▸ PROVIDED RECORDS
....................

(* Let $K,n\in\mathbb{N}^*$ and $\mu\in H^3((0,1),\mathbb{R})$ with $\sum_jj^{4n}|c_j|<\infty$ and $A^n_K\neq0$. There exists $T^*>0$ such that for every $T\in(0,T^* )$ and every real $s\in L^2(0,T)$, $-\operatorname{sign}(A^n_K)Q_n(s)\ge\frac{|A^n_K|}4\int_0^Ts(t)^2dt$, where $$Q_n(s)=-A^n_K\int_0^Ts(t)^2\cos[(\lambda_K-\lambda_1)(t-T)]dt+\int_0^Ts(t)\int_0^ts(\tau)k_n(t,\tau)d\tau dt,$$ $$k_n(t,\tau)=(-1)^{n+1}\sum_{j\ge1}(\lambda_K-\lambda_j)^n(\lambda_j-\lambda_1)^nc_j\sin\big(\lambda_K(t-T)+\lambda_j(\tau-t)+\lambda_1(T-\tau)\big).$$
   Context: $\varphi_j=\sqrt2\sin(j\pi x)$, $\lambda_j=(j\pi)^2$, $\langle f,g\rangle=\int_0^1f\bar g$, $c_j=\langle\mu\varphi_1,\varphi_j\rangle\langle\mu\varphi_K,\varphi_j\rangle$, $A^n_K=(-1)^{n-1}\sum_{j}(\lambda_j-\frac{\lambda_1+\lambda_K}2)(\lambda_K-\lambda_j)^{n-1}(\lambda_j-\lambda_1)^{n-1}c_j$. *)

theory Defs
  imports "HOL-Analysis.Analysis"
begin

text \<open>Eigenfunctions and eigenvalues of the Dirichlet Laplacian on (0,1).\<close>
definition phi :: "nat \<Rightarrow> real \<Rightarrow> real" where
  "phi j x = sqrt 2 * sin (real j * pi * x)"

definition lam :: "nat \<Rightarrow> real" where
  "lam j = (real j * pi)^2"

definition ip01 :: "(real \<Rightarrow> real) \<Rightarrow> (real \<Rightarrow> real) \<Rightarrow> real" where
  "ip01 f g = integral\<^sup>L (lebesgue_on {0..1}) (\<lambda>x. f x * g x)"

text \<open>Sobolev space H^3((0,1),R), via the continuous representative:
  mu, mu', mu'' absolutely continuous with mu''' in L^2(0,1).\<close>
definition H3_01 :: "(real \<Rightarrow> real) \<Rightarrow> bool" where
  "H3_01 mu \<longleftrightarrow> (\<exists>f1 f2 f3.
      f3 \<in> borel_measurable (lebesgue_on {0..1}) \<and>
      integrable (lebesgue_on {0..1}) (\<lambda>x. (f3 x)^2) \<and>
      (\<forall>x\<in>{0..1}.
         mu x = mu 0 + integral\<^sup>L (lebesgue_on {0..x}) f1 \<and>
         f1 x = f1 0 + integral\<^sup>L (lebesgue_on {0..x}) f2 \<and>
         f2 x = f2 0 + integral\<^sup>L (lebesgue_on {0..x}) f3))"

definition cc :: "(real \<Rightarrow> real) \<Rightarrow> nat \<Rightarrow> nat \<Rightarrow> real" where
  "cc mu K j = ip01 (\<lambda>x. mu x * phi 1 x) (phi j) * ip01 (\<lambda>x. mu x * phi K x) (phi j)"

text \<open>A^n_K; the series runs over j \<ge> 1 (index shifted by Suc).\<close>
definition AnK :: "(real \<Rightarrow> real) \<Rightarrow> nat \<Rightarrow> nat \<Rightarrow> real" where
  "AnK mu n K = (-1)^(n-1) * (\<Sum>i. let j = Suc i in
      (lam j - (lam 1 + lam K) / 2) * (lam K - lam j)^(n-1) * (lam j - lam 1)^(n-1) * cc mu K j)"

definition kern :: "(real \<Rightarrow> real) \<Rightarrow> nat \<Rightarrow> nat \<Rightarrow> real \<Rightarrow> real \<Rightarrow> real \<Rightarrow> real" where
  "kern mu n K T t \<tau> = (-1)^(n+1) * (\<Sum>i. let j = Suc i in
      (lam K - lam j)^n * (lam j - lam 1)^n * cc mu K j *
      sin (lam K * (t - T) + lam j * (\<tau> - t) + lam 1 * (T - \<tau>)))"

definition Qn :: "(real \<Rightarrow> real) \<Rightarrow> nat \<Rightarrow> nat \<Rightarrow> real \<Rightarrow> (real \<Rightarrow> real) \<Rightarrow> real" where
  "Qn mu n K T s =
     - AnK mu n K * integral\<^sup>L (lebesgue_on {0..T})
         (\<lambda>t. (s t)^2 * cos ((lam K - lam 1) * (t - T)))
     + integral\<^sup>L (lebesgue_on {0..T})
         (\<lambda>t. s t * integral\<^sup>L (lebesgue_on {0..t}) (\<lambda>\<tau>. s \<tau> * kern mu n K T t \<tau>))"

end

theory Submission
  imports Defs
begin

text \<open>For small T the quadratic form is dominated by its local part: the kernel k_n is
  uniformly bounded (by the weighted summability of the c_j), so by Cauchy-Schwarz the
  Volterra term is at most a constant times T times the squared L2 norm of s, while the
  cosine weight stays above 1/2 on the short interval [0,T]. Hence the local term
  contributes at least half of the absolute value of A^n_K times the squared norm, and
  the Volterra term costs at most a quarter of it.\<close>

lemma lam_nonneg: "lam j \<ge> 0"
  by (simp add: lam_def)

lemma lam_mono: "i \<le> j \<Longrightarrow> lam i \<le> lam j"
  unfolding lam_def by (intro power_mono mult_right_mono) auto

lemma lam_eq: "lam j = pi^2 * real j^2"
  by (simp add: lam_def power_mult_distrib)

lemma abs_lam_diff_coeff_le:
  fixes c :: real
  shows "\<bar>(lam K - lam (Suc i))^n * (lam (Suc i) - lam 1)^n * c\<bar>
     \<le> (pi^4 * (real K^2 + 1))^n * (real (Suc i) ^ (4*n) * \<bar>c\<bar>)"
proof -
  let ?j = "real (Suc i)"
  have "real K^2 \<le> real K^2 * ?j^2"
    by (intro mult_le_cancel_left1[THEN iffD2] impI) (simp add: one_le_power)
  then have "pi^2 * (real K^2 + ?j^2) \<le> pi^2 * ((real K^2 + 1) * ?j^2)"
    by (intro mult_left_mono) (simp_all add: algebra_simps)
  then have "lam K + lam (Suc i) \<le> pi^2 * (real K^2 + 1) * ?j^2"
    by (metis lam_eq distrib_left mult.assoc)
  then have bound_K: "\<bar>lam K - lam (Suc i)\<bar> \<le> pi^2 * (real K^2 + 1) * ?j^2"
    using lam_nonneg[of K] lam_nonneg[of "Suc i"] by linarith
  have "lam 1 \<le> lam (Suc i)"
    by (rule lam_mono) simp
  then have bound_1: "\<bar>lam (Suc i) - lam 1\<bar> \<le> pi^2 * ?j^2"
    using lam_nonneg[of 1] lam_eq[of "Suc i"] by simp
  have "\<bar>(lam K - lam (Suc i))^n * (lam (Suc i) - lam 1)^n * c\<bar>
      = \<bar>lam K - lam (Suc i)\<bar>^n * \<bar>lam (Suc i) - lam 1\<bar>^n * \<bar>c\<bar>"
    by (simp add: abs_mult power_abs)
  also have "\<dots> \<le> (pi^2 * (real K^2 + 1) * ?j^2)^n * (pi^2 * ?j^2)^n * \<bar>c\<bar>"
    by (intro mult_right_mono mult_mono power_mono bound_K bound_1) auto
  also have "\<dots> = (pi^4 * (real K^2 + 1))^n * (?j ^ (4*n) * \<bar>c\<bar>)"
  proof -
    have "(pi^2 * (real K^2 + 1) * ?j^2) * (pi^2 * ?j^2) = (pi^4 * (real K^2 + 1)) * ?j^4"
      by (simp add: algebra_simps power2_eq_square power4_eq_xxxx)
    then have "(pi^2 * (real K^2 + 1) * ?j^2)^n * (pi^2 * ?j^2)^n
        = (pi^4 * (real K^2 + 1))^n * (?j^4)^n"
      by (metis power_mult_distrib)
    then show ?thesis
      by (simp add: power_mult[symmetric] mult.commute mult.left_commute)
  qed
  finally show ?thesis .
qed

lemma abs_kern_le:
  assumes summable: "summable (\<lambda>i. real (Suc i) ^ (4 * n) * \<bar>cc mu K (Suc i)\<bar>)"
  shows "\<bar>kern mu n K T t \<tau>\<bar>
    \<le> (pi^4 * (real K^2 + 1))^n * (\<Sum>i. real (Suc i) ^ (4 * n) * \<bar>cc mu K (Suc i)\<bar>)"
proof -
  define C where "C = (pi^4 * (real K^2 + 1))^n"
  define b where "b i = real (Suc i) ^ (4 * n) * \<bar>cc mu K (Suc i)\<bar>" for i
  define f where "f = (\<lambda>i. let j = Suc i in
      (lam K - lam j)^n * (lam j - lam 1)^n * cc mu K j *
      sin (lam K * (t - T) + lam j * (\<tau> - t) + lam 1 * (T - \<tau>)))"
  have f_le: "\<bar>f i\<bar> \<le> C * b i" for i
  proof -
    have "\<bar>f i\<bar> \<le> \<bar>(lam K - lam (Suc i))^n * (lam (Suc i) - lam 1)^n * cc mu K (Suc i)\<bar>"
      by (simp add: f_def Let_def abs_mult mult_left_le)
    also have "\<dots> \<le> C * b i"
      unfolding C_def b_def by (rule abs_lam_diff_coeff_le)
    finally show ?thesis .
  qed
  have summable_Cb: "summable (\<lambda>i. C * b i)"
    using summable unfolding b_def by (intro summable_mult)
  have summable_f: "summable (\<lambda>i. \<bar>f i\<bar>)"
    by (rule summable_comparison_test[OF _ summable_Cb]) (use f_le in auto)
  have "\<bar>kern mu n K T t \<tau>\<bar> = \<bar>suminf f\<bar>"
    unfolding kern_def f_def by (simp add: abs_mult)
  also have "\<dots> \<le> (\<Sum>i. \<bar>f i\<bar>)"
    by (rule summable_rabs[OF summable_f])
  also have "\<dots> \<le> (\<Sum>i. C * b i)"
    by (rule suminf_le[OF f_le summable_f summable_Cb])
  also have "\<dots> = C * (\<Sum>i. b i)"
    using summable unfolding b_def by (rule suminf_mult)
  finally show ?thesis
    unfolding C_def b_def .
qed

lemma cos_ge_half: "\<bar>x\<bar> \<le> 1 \<Longrightarrow> cos (x::real) \<ge> 1/2"
  using cos_monotone_0_pi_le[of "\<bar>x\<bar>" "pi/3"] pi_gt3 by (simp add: cos_60)

lemma integrable_abs_if_square_integrable:
  fixes s :: "real \<Rightarrow> real"
  assumes "s \<in> borel_measurable M" and "finite_measure M"
    and "integrable M (\<lambda>t. (s t)^2)"
  shows "integrable M (\<lambda>t. \<bar>s t\<bar>)"
proof (rule Bochner_Integration.integrable_bound)
  show "integrable M (\<lambda>t. (s t)^2 + 1)"
    using assms(2,3) by (simp add: finite_measure.integrable_const)
  show "(\<lambda>t. \<bar>s t\<bar>) \<in> borel_measurable M"
    using assms(1) by measurable
  have "\<bar>y\<bar> \<le> y^2 + 1" for y :: real
  proof -
    have "0 \<le> (\<bar>y\<bar> - 1)^2" by simp
    then have "0 \<le> y^2 + 1 - 2 * \<bar>y\<bar>"
      by (simp add: power2_diff power2_abs)
    then show ?thesis
      using zero_le_power2[of y] by linarith
  qed
  then show "AE t in M. norm \<bar>s t\<bar> \<le> norm ((s t)^2 + 1)"
    by simp
qed

lemma square_integral_abs_le:
  fixes s :: "real \<Rightarrow> real"
  assumes T: "T > 0" and measurable: "s \<in> borel_measurable (lebesgue_on {0..T})"
    and square_integrable: "integrable (lebesgue_on {0..T}) (\<lambda>t. (s t)^2)"
  shows "(integral\<^sup>L (lebesgue_on {0..T}) (\<lambda>t. \<bar>s t\<bar>))^2
    \<le> T * integral\<^sup>L (lebesgue_on {0..T}) (\<lambda>t. (s t)^2)"
proof -
  let ?M = "lebesgue_on {0..T}"
  define I where "I = integral\<^sup>L ?M (\<lambda>t. \<bar>s t\<bar>)"
  define S where "S = integral\<^sup>L ?M (\<lambda>t. (s t)^2)"
  have abs_integrable: "integrable ?M (\<lambda>t. \<bar>s t\<bar>)"
    using measurable square_integrable
    by (intro integrable_abs_if_square_integrable) (auto intro: finite_measure_lebesgue_on)
  \<comment> \<open>Integrate 2 a |s| \<le> s^2 + a^2 and choose a = I / T.\<close>
  have AM_GM: "2 * a * I \<le> S + a^2 * T" for a
  proof -
    have "2 * a * I = integral\<^sup>L ?M (\<lambda>t. 2 * a * \<bar>s t\<bar>)"
      unfolding I_def by simp
    also have "\<dots> \<le> integral\<^sup>L ?M (\<lambda>t. (s t)^2 + a^2)"
    proof (rule integral_mono)
      fix t
      have "0 \<le> (\<bar>s t\<bar> - a)^2" by simp
      then show "2 * a * \<bar>s t\<bar> \<le> (s t)^2 + a^2"
        by (simp add: power2_eq_square algebra_simps)
    qed (use abs_integrable square_integrable in auto)
    also have "\<dots> = S + a^2 * T"
      unfolding S_def using square_integrable T by (simp add: measure_restrict_space)
    finally show ?thesis .
  qed
  from AM_GM[of "I/T"] T have "I^2 / T \<le> S"
    by (simp add: power2_eq_square field_simps)
  then show ?thesis
    using T unfolding I_def S_def by (simp add: field_simps)
qed

lemma integral_square_cos_ge_half:
  fixes s :: "real \<Rightarrow> real"
  assumes small: "\<bar>d\<bar> * T \<le> 1"
    and measurable: "s \<in> borel_measurable (lebesgue_on {0..T})"
    and square_integrable: "integrable (lebesgue_on {0..T}) (\<lambda>t. (s t)^2)"
  shows "integral\<^sup>L (lebesgue_on {0..T}) (\<lambda>t. (s t)^2) / 2
    \<le> integral\<^sup>L (lebesgue_on {0..T}) (\<lambda>t. (s t)^2 * cos (d * (t - T)))"
proof -
  let ?M = "lebesgue_on {0..T}"
  have cos_ge: "cos (d * (t - T)) \<ge> 1/2" if "t \<in> {0..T}" for t
  proof (rule cos_ge_half)
    have "\<bar>d * (t - T)\<bar> \<le> \<bar>d\<bar> * T"
      using that by (simp add: abs_mult mult_left_mono)
    then show "\<bar>d * (t - T)\<bar> \<le> 1"
      using small by linarith
  qed
  have "(\<lambda>t. cos (d * (t - T))) \<in> borel_measurable ?M"
    by (rule continuous_imp_measurable_on_sets_lebesgue) (auto intro!: continuous_intros)
  then have weighted_integrable: "integrable ?M (\<lambda>t. (s t)^2 * cos (d * (t - T)))"
    using measurable
    by (intro Bochner_Integration.integrable_bound[OF square_integrable])
      (auto simp: abs_mult mult_left_le)
  have "integral\<^sup>L ?M (\<lambda>t. (s t)^2) / 2 = integral\<^sup>L ?M (\<lambda>t. (s t)^2 * (1/2))"
    by simp
  also have "\<dots> \<le> integral\<^sup>L ?M (\<lambda>t. (s t)^2 * cos (d * (t - T)))"
  proof (rule integral_mono)
    fix t assume "t \<in> space ?M"
    then show "(s t)^2 * (1/2) \<le> (s t)^2 * cos (d * (t - T))"
      using cos_ge by (intro mult_left_mono) auto
  qed (use square_integrable weighted_integrable in auto)
  finally show ?thesis .
qed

....................

Print exactly the lines of the listing above starting at the line containing "using measurable square_integrable" and ending at the line containing "T)\<bar> \<le> \<bar>d\<bar>", both included.

    using measurable square_integrable
    by (intro integrable_abs_if_square_integrable) (auto intro: finite_measure_lebesgue_on)
  \<comment> \<open>Integrate 2 a |s| \<le> s^2 + a^2 and choose a = I / T.\<close>
  have AM_GM: "2 * a * I \<le> S + a^2 * T" for a
  proof -
    have "2 * a * I = integral\<^sup>L ?M (\<lambda>t. 2 * a * \<bar>s t\<bar>)"
      unfolding I_def by simp
    also have "\<dots> \<le> integral\<^sup>L ?M (\<lambda>t. (s t)^2 + a^2)"
    proof (rule integral_mono)
      fix t
      have "0 \<le> (\<bar>s t\<bar> - a)^2" by simp
      then show "2 * a * \<bar>s t\<bar> \<le> (s t)^2 + a^2"
        by (simp add: power2_eq_square algebra_simps)
    qed (use abs_integrable square_integrable in auto)
    also have "\<dots> = S + a^2 * T"
      unfolding S_def using square_integrable T by (simp add: measure_restrict_space)
    finally show ?thesis .
  qed
  from AM_GM[of "I/T"] T have "I^2 / T \<le> S"
    by (simp add: power2_eq_square field_simps)
  then show ?thesis
    using T unfolding I_def S_def by (simp add: field_simps)
qed

lemma integral_square_cos_ge_half:
  fixes s :: "real \<Rightarrow> real"
  assumes small: "\<bar>d\<bar> * T \<le> 1"
    and measurable: "s \<in> borel_measurable (lebesgue_on {0..T})"
    and square_integrable: "integrable (lebesgue_on {0..T}) (\<lambda>t. (s t)^2)"
  shows "integral\<^sup>L (lebesgue_on {0..T}) (\<lambda>t. (s t)^2) / 2
    \<le> integral\<^sup>L (lebesgue_on {0..T}) (\<lambda>t. (s t)^2 * cos (d * (t - T)))"
proof -
  let ?M = "lebesgue_on {0..T}"
  have cos_ge: "cos (d * (t - T)) \<ge> 1/2" if "t \<in> {0..T}" for t
  proof (rule cos_ge_half)
    have "\<bar>d * (t - T)\<bar> \<le> \<bar>d\<bar> * T"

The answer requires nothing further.